Poi ci sono quelli che reagiscono al pacchettino quadrato come un vampiro davanti al crocefisso. Se non si liquefanno, poco ci manca. La reazione corporea, senza arrivare all’evaporazione, assomiglia comunque a quella di un animale da compagnia che va messo nella gabbietta prima di andare dal veterinario: un misto di raggomitolamento e rabbia da difesa.

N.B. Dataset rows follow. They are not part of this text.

(* Let $h\le p$ and $W^\star\in\mathbb R^{h\times p}$ have mutually orthogonal nonzero rows, with all singular values in $[\alpha,\beta]$, $0<\alpha\le\beta$. Let $\sigma$ be differentiable and $\mathbf x\sim\mathcal N(0,I_p)$. Then the covariance matrix of $\sigma'(W^\star\mathbf x)\otimes\mathbf x\in\mathbb R^{hp}$ satisfies $\Sigma(\sigma'(W^\star\mathbf x)\otimes\mathbf x)\succeq\zeta(\alpha,\beta)I_{hp}$.
   Context: $\sigma'$ is applied entrywise; $\mathbf d\otimes\mathbf x$ concatenates $\mathbf d_1\mathbf x,\dots,\mathbf d_h\mathbf x$. For $g\sim\mathcal N(0,1)$ and $x\in\mathbb R$ let $\eta(x)=\sigma'(xg)$ (assume the relevant moments are finite). Define $\theta_1=\inf_{\alpha\le x,y\le\beta}\frac12\Big(\mathrm{var}[\eta(x)]+\mathrm{var}[\eta(y)]-\sqrt{(\mathrm{var}[\eta(x)]-\mathrm{var}[\eta(y)])^2+4\mathbb E[g\eta(x)]^2\mathbb E[g\eta(y)]^2}\Big)$, $\theta_2=\inf_{\alpha\le x\le\beta}\mathrm{var}[g\eta(x)]-\mathbb E[g^2\eta(x)]^2$, and $\zeta(\alpha,\beta)=\min\{\theta_1,\theta_2\}$. *)

theory Defs
  imports "HOL-Probability.Probability"
begin

definition std_normal :: "real measure" where
  "std_normal = density lborel std_normal_density"

definition gauss_vec :: "nat \<Rightarrow> (nat \<Rightarrow> real) measure" where
  "gauss_vec p = PiM {..<p} (\<lambda>_. std_normal)"

definition Eg :: "(real \<Rightarrow> real) \<Rightarrow> real" where
  "Eg f = integral\<^sup>L std_normal f"

definition Varg :: "(real \<Rightarrow> real) \<Rightarrow> real" where
  "Varg f = Eg (\<lambda>g. (f g)\<^sup>2) - (Eg f)\<^sup>2"

definition eta :: "(real \<Rightarrow> real) \<Rightarrow> real \<Rightarrow> real \<Rightarrow> real" where
  "eta \<sigma> x g = deriv \<sigma> (x * g)"

definition theta1 :: "(real \<Rightarrow> real) \<Rightarrow> real \<Rightarrow> real \<Rightarrow> real" where
  "theta1 \<sigma> \<alpha> \<beta> = Inf ((\<lambda>(x, y).
      (Varg (eta \<sigma> x) + Varg (eta \<sigma> y)
       - sqrt ((Varg (eta \<sigma> x) - Varg (eta \<sigma> y))\<^sup>2
               + 4 * (Eg (\<lambda>g. g * eta \<sigma> x g))\<^sup>2 * (Eg (\<lambda>g. g * eta \<sigma> y g))\<^sup>2)) / 2)
      ` ({\<alpha>..\<beta>} \<times> {\<alpha>..\<beta>}))"

definition theta2 :: "(real \<Rightarrow> real) \<Rightarrow> real \<Rightarrow> real \<Rightarrow> real" where
  "theta2 \<sigma> \<alpha> \<beta> = Inf ((\<lambda>x. Varg (\<lambda>g. g * eta \<sigma> x g) - (Eg (\<lambda>g. g\<^sup>2 * eta \<sigma> x g))\<^sup>2)
      ` {\<alpha>..\<beta>})"

definition zeta :: "(real \<Rightarrow> real) \<Rightarrow> real \<Rightarrow> real \<Rightarrow> real" where
  "zeta \<sigma> \<alpha> \<beta> = min (theta1 \<sigma> \<alpha> \<beta>) (theta2 \<sigma> \<alpha> \<beta>)"

text \<open>Singular values of an h x p matrix W (h \<le> p), given as nat \<Rightarrow> nat \<Rightarrow> real with
  row indices < h and column indices < p: the nonnegative square roots of the eigenvalues
  of the h x h matrix W W^T.\<close>
definition singular_values :: "nat \<Rightarrow> nat \<Rightarrow> (nat \<Rightarrow> nat \<Rightarrow> real) \<Rightarrow> real set" where
  "singular_values h p W = {s. s \<ge> 0 \<and> (\<exists>v. (\<exists>i<h. v i \<noteq> 0) \<and>
      (\<forall>i<h. (\<Sum>j<h. (\<Sum>k<p. W i k * W j k) * v j) = s\<^sup>2 * v i))}"

definition cov_matrix :: "'a measure \<Rightarrow> (nat \<Rightarrow> 'a \<Rightarrow> real) \<Rightarrow> nat \<Rightarrow> nat \<Rightarrow> real" where
  "cov_matrix M Z a b = integral\<^sup>L M (\<lambda>x. Z a x * Z b x)
                        - integral\<^sup>L M (Z a) * integral\<^sup>L M (Z b)"

definition loewner_ge_scalar :: "nat \<Rightarrow> (nat \<Rightarrow> nat \<Rightarrow> real) \<Rightarrow> real \<Rightarrow> bool" where
  "loewner_ge_scalar n A c \<longleftrightarrow>
     (\<forall>v. (\<Sum>a<n. \<Sum>b<n. v a * (A a b - (if a = b then c else 0)) * v b) \<ge> 0)"

text \<open>The random vector sigma'(W x) \<otimes> x in R^{hp}: component a = i*p + j (i < h, j < p)
  is sigma'(w_i . x) * x_j.\<close>
definition kron_feature :: "nat \<Rightarrow> (real \<Rightarrow> real) \<Rightarrow> (nat \<Rightarrow> nat \<Rightarrow> real) \<Rightarrow> nat \<Rightarrow> (nat \<Rightarrow> real) \<Rightarrow> real" where
  "kron_feature p \<sigma> W a x = deriv \<sigma> (\<Sum>k<p. W (a div p) k * x k) * x (a mod p)"

end

theory Submission
  imports Defs
begin

text \<open>The rows of \<open>W\<close> are orthogonal, so an orthogonal change of variables \<open>y = T x\<close>, composed of
  plane rotations and reflections and hence preserving \<open>N(0, I\<^sub>p)\<close>, sends the normalised rows to
  the first \<open>h\<close> coordinate vectors. Then \<open>\<sigma>'(w\<^sub>i \<cdot> x) x\<^sub>j = \<sigma>'(s\<^sub>i y\<^sub>i) x\<^sub>j\<close> with \<open>x\<^sub>j\<close> a linear form in
  \<open>y\<close> and \<open>s\<^sub>i = |w\<^sub>i|\<close> a singular value, so for \<open>v \<in> \<real>\<^bsup>hp\<^esup>\<close> the variance of \<open>v \<cdot> (\<sigma>'(W x) \<otimes> x)\<close> is the
  variance of \<open>G(y) = \<Sum> c\<^sub>i\<^sub>k \<sigma>'(s\<^sub>i y\<^sub>i) y\<^sub>k\<close> with \<open>\<Sum> c\<^sub>i\<^sub>k\<^sup>2 = |v|\<^sup>2\<close>. Independence of the coordinates
  makes \<open>Var G\<close> explicit: a square, diagonal terms bounded below by \<open>\<theta>\<^sub>2\<close> and by \<open>var \<eta>\<close>, and the
  pairs \<open>(c\<^sub>i\<^sub>j, c\<^sub>j\<^sub>i)\<close>, coupled through \<open>E[g\<eta>(s\<^sub>i)] E[g\<eta>(s\<^sub>j)]\<close>, each bounded below by the smaller
  eigenvalue of a \<open>2 \<times> 2\<close> matrix, i.e. by \<open>\<theta>\<^sub>1\<close>.\<close>

section \<open>The standard Gaussian\<close>

lemma prob_space_std_normal: "prob_space std_normal"
  unfolding std_normal_def by (simp add: prob_space_normal_density)

lemma sets_std_normal [simp, measurable_cong]: "sets std_normal = sets borel"
  unfolding std_normal_def by simp

lemma space_std_normal [simp]: "space std_normal = UNIV"
  unfolding std_normal_def by simp

lemma nn_integral_std_normal:
  "f \<in> borel_measurable borel \<Longrightarrow>
     (\<integral>\<^sup>+a. f a \<partial>std_normal) = (\<integral>\<^sup>+a. ennreal (std_normal_density a) * f a \<partial>lborel)"
  unfolding std_normal_def by (subst nn_integral_density) auto

lemma integrable_std_normal_power: "integrable std_normal (\<lambda>t. t ^ n)"
  unfolding std_normal_def
  by (subst integrable_density) (auto simp: integrable_std_normal_moment)

lemma integrable_std_normal_const [simp]: "integrable std_normal (\<lambda>_. c :: real)"
  using prob_space_std_normal by (simp add: prob_space_def finite_measure.integrable_const)

lemma Eg_const: "Eg (\<lambda>_. c) = c"
  unfolding Eg_def using prob_space.prob_space[OF prob_space_std_normal] by simp

lemma Eg_ident: "Eg (\<lambda>t. t) = 0"
proof -
  have "Eg (\<lambda>t. t) = integral\<^sup>L lborel (\<lambda>x. std_normal_density x * x ^ (2 * 0 + 1))"
    unfolding Eg_def std_normal_def by (subst integral_density) auto
  then show ?thesis using integral_std_normal_moment_odd[of 0] by simp
qed

lemma Eg_square: "Eg (\<lambda>t. t\<^sup>2) = 1"
proof -
  have "Eg (\<lambda>t. t\<^sup>2) = integral\<^sup>L lborel (\<lambda>x. std_normal_density x * x ^ (2 * 1))"
    unfolding Eg_def std_normal_def by (subst integral_density) auto
  then show ?thesis using integral_std_normal_moment_even[of 1] by simp
qed

lemma abs_power_le_1_plus_power4:
  fixes t :: real
  assumes "n \<le> 4"
  shows "\<bar>t\<bar> ^ n \<le> 1 + t ^ 4"
proof (cases "\<bar>t\<bar> \<le> 1")
  case True
  then have "\<bar>t\<bar> ^ n \<le> 1" by (simp add: power_le_one)
  moreover have "0 \<le> t ^ 4" by (simp add: zero_le_even_power)
  ultimately show ?thesis by linarith
next
  case False
  then have "\<bar>t\<bar> ^ n \<le> \<bar>t\<bar> ^ 4" using assms by (intro power_increasing) auto
  then show ?thesis by (simp add: power_abs)
qed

Se avesse un’espressione sarebbe ‘perché mi stai facendo questo’.

Quelli che insistono anche se al lattice non sono affatto intolleranti, quelli che dopo anni di onorata carriera ancora non capiscono il verso giusto, quelli che ‘sai, ho sbagliato misura’.
In effetti si può obiettare che la costrizione della natura non aiuta, che si perde gusto – vi sveleremo una grande verità, ce lo perdiamo anche noi, il gusto – che la ‘vestizione’ è ostile alla forza di gravità e che nei cassetti è più romantico lasciarci i sogni anziché pacchi di condom.
E sarà pure come dice il mio amico e collega Federico Malerba (di cui cito nome e cognome perché, riporto, ‘tanto il libro non lo scrivo, almeno raccolgo gloria spicciola’): ‘E’ come la pubblicità fica sulla scena del film, che poi quando ricomincia il pathos è perso tutto tra detersivi e sofficini’.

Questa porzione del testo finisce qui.